About this task ▸ Set down each line from the start of the material exactly, please, up to and including the one that contains "1 \<Longrightarrow> y".
+ + +
section \<open>Three-term recurrences\<close>

lemma recurrence_wronskian:
  fixes x y :: "nat \<Rightarrow> real"
  assumes rx: "\<And>j. 1 \<le> j \<Longrightarrow> j \<le> n - 1 \<Longrightarrow> x (j - 1) + x (j + 1) = c * x j"
    and ry: "\<And>j. 1 \<le> j \<Longrightarrow> j \<le> n - 1 \<Longrightarrow> y (j - 1) + y (j + 1) = c * y j"
    and ex: "x (n - 1) = d * x n" and ey: "y (n - 1) = d * y n"
    and n: "n \<ge> 1"
  shows "x 0 * y 1 = x 1 * y 0"
proof -
  define W where "W j = x j * y (j + 1) - x (j + 1) * y j" for j
  have "W (n - 1 - k) = 0" if "k \<le> n - 1" for k
    using that
  proof (induction k)
    case 0
    show ?case using n ex ey by (simp add: W_def)
  next
    case (Suc k)
    define j where "j = n - 1 - k"
    have j: "1 \<le> j" "j \<le> n - 1" "n - 1 - Suc k = j - 1" "j - 1 + 1 = j"
      using Suc.prems unfolding j_def by auto
    have xr: "x (j - 1) = c * x j - x (j + 1)" and yr: "y (j - 1) = c * y j - y (j + 1)"
      using rx[OF j(1,2)] ry[OF j(1,2)] by simp_all
    have "W (j - 1) = x (j - 1) * y j - x j * y (j - 1)" unfolding W_def j(4) ..
    also have "\<dots> = W j" unfolding xr yr W_def by (simp add: algebra_simps)
    finally show ?case using Suc unfolding j_def j(3) by simp
  qed
  from this[of "n - 1"] show ?thesis by (simp add: W_def)
qed

lemma recurrence_zero_start:
  fixes x :: "nat \<Rightarrow> real"
  assumes x0: "x 0 = 0" and x1: "x 1 = 0"
    and rec: "\<And>j. 1 \<le> j \<Longrightarrow> j \<le> n - 1 \<Longrightarrow> x (j - 1) + x (j + 1) = c * x j"
  shows "j \<le> n \<Longrightarrow> x j = 0"
proof (induction j rule: less_induct)
  case (less j)
  consider "j = 0" | "j = 1" | m where "j = m + 2"
    by (cases j; cases "j - 1") auto
  then show ?case
  proof cases
    case 3
    then have "x m + x (m + 2) = c * x (m + 1)" using rec[of "m + 1"] less.prems by simp
    then show ?thesis using less 3 by simp
  qed (use x0 x1 in simp_all)
qed

fun cfrac :: "real \<Rightarrow> nat \<Rightarrow> real" where
  "cfrac c 0 = 1"
| "cfrac c (Suc k) = 1 / (c - cfrac c k)"

lemma cfrac_bounds:
  assumes "c < -2"
  shows "-1 < cfrac c k \<and> (0 < k \<longrightarrow> cfrac c k < 0)"
proof (induction k)
  case (Suc k)
  then have "c - cfrac c k < -1" using assms by simp
  then show ?case by (simp add: field_simps)
qed simp
section \<open>Maximal shifts and upper skips\<close>

lemma maxshift_eq_if_top_rhom_nonzero:
  assumes "\<forall>F\<in>K. card F \<le> d" "d < q" "W \<subseteq> {1..n}" "card W = q"
    and "rhom_nonzero T (induced K W) (int d - 1)"
  shows "maxshift T n K (q - d) = q"
proof -
  define S where "S = {card W | W. W \<subseteq> {1..n} \<and> rhom_nonzero T (induced K W) (int (card W) - int (q - d) - 1)}"
  have "int (card W) - int (q - d) - 1 = int d - 1"
    using assms(2,4) by simp
  then have "q \<in> S"
    unfolding S_def using assms(3-5) by (intro CollectI exI[of _ W]) simp
  moreover have "s \<le> q" if "s \<in> S" for s
  proof (rule ccontr)
    assume "\<not> s \<le> q"
    obtain W' where W': "s = card W'" "rhom_nonzero T (induced K W') (int (card W') - int (q - d) - 1)"
      using \<open>s \<in> S\<close> unfolding S_def by blast
    have "\<forall>F\<in>induced K W'. card F \<le> d"
      using assms(1) unfolding induced_def by simp
    moreover have "int d \<le> int (card W') - int (q - d) - 1"
      using \<open>\<not> s \<le> q\<close> \<open>d < q\<close> W'(1) by linarith
    ultimately show False
      using not_rhom_nonzero_above_dim W'(2) by blast
  qed
  ultimately have "Max S = q"
    by (intro Max_eqI finite_subset[of S "{..q}"]) auto
  then show ?thesis
    unfolding maxshift_def S_def .
qed

lemma not_top_rhom_nonzero_if_upper_skip:
  assumes "\<forall>F\<in>K. card F \<le> d" "d < q" "q \<le> n" "q \<in> upper_skips T n d K"
    and "W \<subseteq> {1..n}" "card W = q"
  shows "\<not> rhom_nonzero T (induced K W) (int d - 1)"
proof
  assume "rhom_nonzero T (induced K W) (int d - 1)"
  then have "maxshift T n K (q - d) = q"
    using assms by (intro maxshift_eq_if_top_rhom_nonzero)
  moreover have "1 \<le> q - d" "q - d \<le> n - d"
    using assms(2,3) by auto
  ultimately show False
    using assms(4) unfolding upper_skips_def by (metis (mono_tags, lifting) DiffD2 mem_Collect_eq)
qed

lemma upper_skip_in_upper_skips:
  assumes "j < d" "d \<le> n"
  shows "upper_skip T n d K j \<in> upper_skips T n d K"
proof -
  let ?M = "{maxshift T n K i | i. 1 \<le> i \<and> i \<le> n - d}"
  have "?M = maxshift T n K ` {1..n - d}"
    by auto
  then have "card ?M \<le> n - d"
    using card_image_le[of "{1..n - d}" "maxshift T n K"] by simp
  moreover have "card {1..n} - card ?M \<le> card (upper_skips T n d K)"
    unfolding upper_skips_def \<open>?M = _\<close> by (rule diff_card_le_card_Diff) simp
  ultimately have "j < length (sorted_list_of_set (upper_skips T n d K))"
    using assms by simp
  moreover have "finite (upper_skips T n d K)"
    unfolding upper_skips_def by simp
  ultimately show ?thesis
    unfolding upper_skip_def by (metis nth_mem set_sorted_list_of_set)
qed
+ + +
Result below ▸
section \<open>Three-term recurrences\<close>

lemma recurrence_wronskian:
  fixes x y :: "nat \<Rightarrow> real"
  assumes rx: "\<And>j. 1 \<le> j \<Longrightarrow> j \<le> n - 1 \<Longrightarrow> x (j - 1) + x (j + 1) = c * x j"
    and ry: "\<And>j. 1 \<le> j \<Longrightarrow> j \<le> n - 1 \<Longrightarrow> y (j - 1) + y (j + 1) = c * y j"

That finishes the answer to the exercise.